From a review standpoint, this doesn’t matter either, except that it would be easier on us as we don’t have to try and track down the state in which the package was submitted. In order to find out whether a package is violating policies, it has to reviewed either way.

7 Likes

#41

Fair enough and plenty good arguments all around.

Besides these recent transgressions related to Kite, the threat level isn’t even that severe. So, as long as there is an agreement and a way to act on violations, we should be good. Requirements can always be tightened if the need arises.

2 Likes

#42

Here is a very practical question from a ST3 and SidebarEnhancements user:

  1. Can I just disable to SidebarEnhancements to avoid further data collection?
  2. SidebarEnhancements is very useful and I reply on the functionality pretty much every day. Is there an easy way to keep using SidebarEnhancements without the data collection in the background? E.g. can I block it or would it be possible to republish SidebarEnhancements without the data collection if the license allows it?
0 Likes

#43

Yes, disabling the package should stop the code from executing at all.
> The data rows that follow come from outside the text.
lemma dissipation_summand_eq:
  fixes R :: reaction and m nU :: conc
  assumes fin: "finite Om" and U: "U \<subseteq> Om" and V: "V = Om - U"
    and supp: "\<forall>i. i \<notin> Om \<longrightarrow> R i = 0"
    and m_pos: "\<forall>i\<in>Om. m i > 0" and m_U: "\<forall>i\<in>U. nU i = m i"
    and K_pos: "K R > 0"
    and a: "a = K R * (\<Prod>s\<in>U \<inter> Ireac R. nU s powr of_int (- R s))"
    and b: "b = K (neg R) * (\<Prod>s\<in>U \<inter> Freac R. nU s powr of_int (R s))"
  shows "a * (\<Prod>i\<in>Ireac R \<inter> V. m i powr of_int (- R i))
           * (b / a * (\<Prod>i\<in>V. m i powr of_int (R i)) - 1)
           * ln (b / a * (\<Prod>j\<in>V. m j powr of_int (R j)))
         = - flux K R m * ln (K (neg R) / K R * (\<Prod>j\<in>Om. m j powr of_int (R j)))"
proof -
  define x where "x = (\<Prod>i\<in>Ireac R \<inter> V. m i powr of_int (- R i))"
  define p where "p = (\<Prod>i\<in>V. m i powr of_int (R i))"
  have fin_UV: "finite U" "finite V"
    using fin U V by (auto intro: finite_subset)
  have pos_UV: "\<forall>i\<in>U. m i > 0" "\<forall>i\<in>V. m i > 0"
    using m_pos U V by auto
  have a_m: "a = K R * (\<Prod>s\<in>U \<inter> Ireac R. m s powr of_int (- R s))"
    and b_m: "b = K (neg R) * (\<Prod>s\<in>U \<inter> Freac R. m s powr of_int (R s))"
    using m_U by (simp_all add: a b)
  have "a > 0"
    unfolding a_m using K_pos pos_UV(1) by (intro mult_pos_pos prod_pos) auto
  have "flux K R m = a * x - b * (p * x)"
    using prod_powr_Ireac_Freac[OF fin_UV(2) pos_UV(2), of R]
    unfolding flux_def prod_Ireac_Freac_split[OF fin V supp] a_m b_m x_def p_def
    by (simp add: Int_commute mult_ac)
  moreover have "b / a * p = K (neg R) / K R * (\<Prod>j\<in>Om. m j powr of_int (R j))"
  proof -
    have "(\<Prod>j\<in>Om. m j powr of_int (R j)) = (\<Prod>j\<in>U. m j powr of_int (R j)) * p"
      unfolding p_def V using prod.subset_diff[OF U fin] by (simp add: mult.commute)
    moreover have "(\<Prod>s\<in>U \<inter> Ireac R. m s powr of_int (- R s)) > 0"
      using pos_UV(1) by (intro prod_pos) auto
    ultimately show ?thesis
      using prod_powr_Ireac_Freac[OF fin_UV(1) pos_UV(1), of R] K_pos
      unfolding a_m b_m by (simp add: field_simps)
  qed
  moreover have "a * x * (b / a * p - 1) = - (a * x - b * (p * x))"
    using \<open>a > 0\<close> by (simp add: field_simps)
  ultimately show ?thesis
    unfolding x_def[symmetric] p_def[symmetric] by simp
qed

lemma dissipation_eq_flux_affinity:
  assumes kin: "kinetic_system N RR K" and bidir: "bidirectional RR"
    and U: "U \<subseteq> Omega N" and V: "V = Omega N - U"
    and one_one: "\<forall>R\<in>RR. one_one V RR (proj V R)"
    and m_pos: "\<forall>i\<in>Omega N. m i > 0" and m_U: "\<forall>i\<in>U. nU i = m i"
  shows "dissipation U V RR K nU m
           = - (\<Sum>R\<in>Rs RR. flux K R m
                  * ln (K (neg R) / K R * (\<Prod>j\<in>Omega N. m j powr of_int (R j))))"
proof -
  let ?KR = "reduced_rate U V RR K nU"
  have "?KR (proj V R) * (\<Prod>i\<in>Ireac R \<inter> V. m i powr of_int (- R i))
      * (?KR (neg (proj V R)) / ?KR (proj V R) * (\<Prod>i\<in>V. m i powr of_int (R i)) - 1)
      * ln (?KR (neg (proj V R)) / ?KR (proj V R) * (\<Prod>j\<in>V. m j powr of_int (R j)))
    = - flux K R m * ln (K (neg R) / K R * (\<Prod>j\<in>Omega N. m j powr of_int (R j)))"
    if "R \<in> Rs RR" for R
  proof -
    from that have R: "R \<in> RR" and negR: "neg R \<in> RR"
      using bidir by (auto simp: Rs_def bidirectional_def)
    then have supp: "\<forall>i. i \<notin> Omega N \<longrightarrow> R i = 0" and "K R > 0"
      using kin by (auto simp: kinetic_system_def chemical_network_def)
    show ?thesis
      using one_one R negR
      by (intro dissipation_summand_eq[where K = K, OF _ U V supp m_pos m_U \<open>K R > 0\<close>])
        (auto simp: Omega_def reduced_rate_one_one reduced_rate_neg_one_one)
  qed
  then show ?thesis
    unfolding dissipation_def Let_def by (simp add: sum_negf[symmetric])
qed

lemma ln_affinity_eq_energy:
  assumes energy: "is_energy N RR K E" and R: "R \<in> Rs RR"
    and K_pos: "K R > 0" "K (neg R) > 0" and m_pos: "\<forall>j\<in>Omega N. m j > 0"
  shows "ln (K (neg R) / K R * (\<Prod>j\<in>Omega N. m j powr of_int (R j)))
           = (\<Sum>j\<in>Omega N. of_int (R j) * ln (m j * exp (E j)))"
proof -
  have "ln (K (neg R) / K R * (\<Prod>j\<in>Omega N. m j powr of_int (R j)))
      = ln (K (neg R) / K R) + (\<Sum>j\<in>Omega N. of_int (R j) * ln (m j))"
  proof -
    have "ln (\<Prod>j\<in>Omega N. m j powr of_int (R j)) = (\<Sum>j\<in>Omega N. of_int (R j) * ln (m j))"
      using m_pos by (subst ln_prod) (force simp: Omega_def)+
    moreover have "(\<Prod>j\<in>Omega N. m j powr of_int (R j)) > 0"
      using m_pos by (intro prod_pos) auto
    ultimately show ?thesis
      using K_pos by (subst ln_mult) auto
  qed
  also have "ln (K (neg R) / K R) = (\<Sum>j\<in>Omega N. of_int (R j) * E j)"
    using energy R by (simp add: is_energy_def)
  also have "(\<Sum>j\<in>Omega N. of_int (R j) * E j) + (\<Sum>j\<in>Omega N. of_int (R j) * ln (m j))
      = (\<Sum>j\<in>Omega N. of_int (R j) * ln (m j * exp (E j)))"
    unfolding sum.distrib[symmetric] using m_pos by (intro sum.cong) (auto simp: ln_mult algebra_simps)
  finally show ?thesis .
qed

lemma free_energy_has_derivative:
  assumes n_pos: "\<forall>j\<in>Omega N. n t j > 0"
    and n_deriv: "\<forall>j\<in>Omega N. ((\<lambda>s. n s j) has_real_derivative d j) (at t within S)"
  shows "((\<lambda>s. free_energy N E (n s)) has_real_derivative
           (\<Sum>j\<in>Omega N. d j * ln (n t j * exp (E j)))) (at t within S)"
  unfolding free_energy_def
proof (rule DERIV_sum)
  fix j assume "j \<in> Omega N"
  with n_pos n_deriv have "n t j > 0" and "((\<lambda>s. n s j) has_real_derivative d j) (at t within S)"
    by auto
  then show "((\<lambda>s. n s j * (ln (n s j * exp (E j)) - 1)) has_real_derivative
      d j * ln (n t j * exp (E j))) (at t within S)"
    by (auto intro!: derivative_eq_intros simp: field_simps)
qed

lemma chemostatted_species_constant:
  fixes n :: "real \<Rightarrow> conc"
  assumes U: "U \<subseteq> Omega N" and t: "t \<ge> 0"
    and ode: "\<forall>x\<ge>0. \<forall>j\<in>Omega N. ((\<lambda>s. n s j) has_real_derivative
        ((\<Sum>R\<in>Rs RR. of_int (R j) * flux K R (n x)) + ext_flux RR K U (n x) j))
        (at x within {0..})"
  shows "\<forall>j\<in>U. n t j = n 0 j"
proof
  fix j assume "j \<in> U"
  have "\<exists>c. \<forall>x\<in>{0..}. n x j = c"
  proof (rule has_field_derivative_zero_constant)
    fix x :: real assume "x \<in> {0..}"
    with ode U \<open>j \<in> U\<close> have "((\<lambda>s. n s j) has_real_derivative
        ((\<Sum>R\<in>Rs RR. of_int (R j) * flux K R (n x)) + ext_flux RR K U (n x) j))
        (at x within {0..})" by auto
    with \<open>j \<in> U\<close> show "((\<lambda>s. n s j) has_real_derivative 0) (at x within {0..})"
      by (simp add: ext_flux_def)
  qed simp
  then show "n t j = n 0 j" using t by fastforce
qed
SidebarEnhancements is very useful and I reply on the functionality pretty much every day. Is there an easy way to keep using SidebarEnhancements without the data collection in the background? E.g. can I block it or would it be possible to republish SidebarEnhancements without the data collection if the license allows it?

There are options:

0 Likes

#44

I’ve just re-added SideBarEnhancements to the default channel since Tito removed the stats code and cut a new release. The package should be back in the channel shortly once the crawler picks it up, after that everyone should be updated to the new version the next time their install checks for updates.

2 Likes